_WHAT YOU SHOULD DO_
In the material below, find the line containing "(n div r) +" and the line containing "define b :: real", then reproduce exactly both of them and every line between, and nothing else.
DATA EXCERPTS Start Marker
lemma density_bound_le_div:
  assumes "0 < r" "r \<le> n"
  shows "real (2 * r) * real n / (4 * real r ^ 2) \<le> real (n div r)"
proof -
  have "n \<le> 2 * r * (n div r)"
  proof -
    have "n = r * (n div r) + n mod r" by simp
    moreover have "n mod r < r" using assms(1) by simp
    moreover have "r \<le> r * (n div r)" using assms div_le_mono[OF assms(2), of r] by simp
    ultimately show ?thesis by linarith
  qed
  then have "real n \<le> 2 * real r * real (n div r)"
    by (metis of_nat_le_iff of_nat_mult of_nat_numeral)
  then have "real (2 * r) * real n \<le> real (2 * r) * (2 * real r * real (n div r))"
    by (intro mult_left_mono) auto
  then show ?thesis using assms(1) by (simp add: pos_divide_le_eq power2_eq_square algebra_simps)
qed

lemma balanced_partition_keeping_tuples:
  assumes "0 < r" "2 * r ^ 2 \<le> card V" "is_graph V E" "T \<subseteq> {ts. length ts = r \<and> set ts \<subseteq> E}"
  shows "\<exists>P. balanced_partition r V P \<and>
           (1 / (4 * real r ^ 2)) ^ (2 * r) * real (card T)
             \<le> real (card {ts\<in>T. \<forall>e\<in>set ts. \<exists>j<r. e \<subseteq> P j})"
proof -
  let ?n = "card V"
  define m where "m = ?n div r"
  define b :: real where "b = 1 / (4 * real r ^ 2)"
  have "finite V" and edges: "\<And>e. e \<in> E \<Longrightarrow> e \<subseteq> V \<and> card e = 2"
    using assms(3) by (auto simp: is_graph_def)
  then have "finite E" by (meson Pow_iff finite_Pow_iff finite_subset subsetI)
  have "finite T"
    by (rule finite_subset[OF _ finite_lists_length_eq[OF \<open>finite E\<close>, of r]]) (use assms(4) in auto)
  have "2 * r \<le> m"
    using div_le_mono[OF assms(2), of r] assms(1) unfolding m_def by (simp add: power2_eq_square)
  have "r \<le> ?n" using assms(2) le_square[of r] unfolding power2_eq_square by linarith
  have "b * real (2 * r) * real ?n = real (2 * r) * real ?n / (4 * real r ^ 2)" by (simp add: b_def)
  also have "\<dots> \<le> real m" unfolding m_def using assms(1) \<open>r \<le> ?n\<close> by (rule density_bound_le_div)
  finally have "b * real (2 * r) * real ?n \<le> real m" .
  moreover have "\<Union>(set ts) \<subseteq> V" "card (\<Union>(set ts)) \<le> 2 * r" if "ts \<in> T" for ts
    using that assms(4) edges card_Union_set_le[of ts 2] by force+
  moreover have "0 \<le> b" "b \<le> 1"
  proof -
    have "1 \<le> real r ^ 2" using assms(1) by (intro one_le_power) simp
    then show "0 \<le> b" "b \<le> 1" by (simp_all add: b_def divide_le_eq)
  qed
  ultimately obtain S where "S \<subseteq> V" "card S = m"
    and S: "b ^ (2 * r) * real (card T) \<le> real (card {ts\<in>T. \<Union>(set ts) \<subseteq> S})"
    using exists_subset_containing_many[OF \<open>finite V\<close> \<open>finite T\<close>, of "\<lambda>ts. \<Union>(set ts)" "2 * r" m b]
      \<open>2 * r \<le> m\<close> by (auto simp: m_def)
  then obtain P where P: "balanced_partition r V P" "P (r - 1) = S"
    using balanced_partition_with_part[OF \<open>finite V\<close> assms(1)] unfolding m_def by blast
  have "{ts\<in>T. \<Union>(set ts) \<subseteq> S} \<subseteq> {ts\<in>T. \<forall>e\<in>set ts. \<exists>j<r. e \<subseteq> P j}"
    using P(2) assms(1) by (auto intro!: exI[of _ "r - 1"])
  then have "card {ts\<in>T. \<Union>(set ts) \<subseteq> S} \<le> card {ts\<in>T. \<forall>e\<in>set ts. \<exists>j<r. e \<subseteq> P j}"
    using \<open>finite T\<close> by (intro card_mono) auto
  then show ?thesis using P(1) S unfolding b_def by force
qed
DATA EXCERPTS End Marker
_ANSWER BELOW_
    have "n = r * (n div r) + n mod r" by simp
    moreover have "n mod r < r" using assms(1) by simp
    moreover have "r \<le> r * (n div r)" using assms div_le_mono[OF assms(2), of r] by simp
    ultimately show ?thesis by linarith
  qed
  then have "real n \<le> 2 * real r * real (n div r)"
    by (metis of_nat_le_iff of_nat_mult of_nat_numeral)
  then have "real (2 * r) * real n \<le> real (2 * r) * (2 * real r * real (n div r))"
    by (intro mult_left_mono) auto
  then show ?thesis using assms(1) by (simp add: pos_divide_le_eq power2_eq_square algebra_simps)
qed

lemma balanced_partition_keeping_tuples:
  assumes "0 < r" "2 * r ^ 2 \<le> card V" "is_graph V E" "T \<subseteq> {ts. length ts = r \<and> set ts \<subseteq> E}"
  shows "\<exists>P. balanced_partition r V P \<and>
           (1 / (4 * real r ^ 2)) ^ (2 * r) * real (card T)
             \<le> real (card {ts\<in>T. \<forall>e\<in>set ts. \<exists>j<r. e \<subseteq> P j})"
proof -
  let ?n = "card V"
  define m where "m = ?n div r"
  define b :: real where "b = 1 / (4 * real r ^ 2)"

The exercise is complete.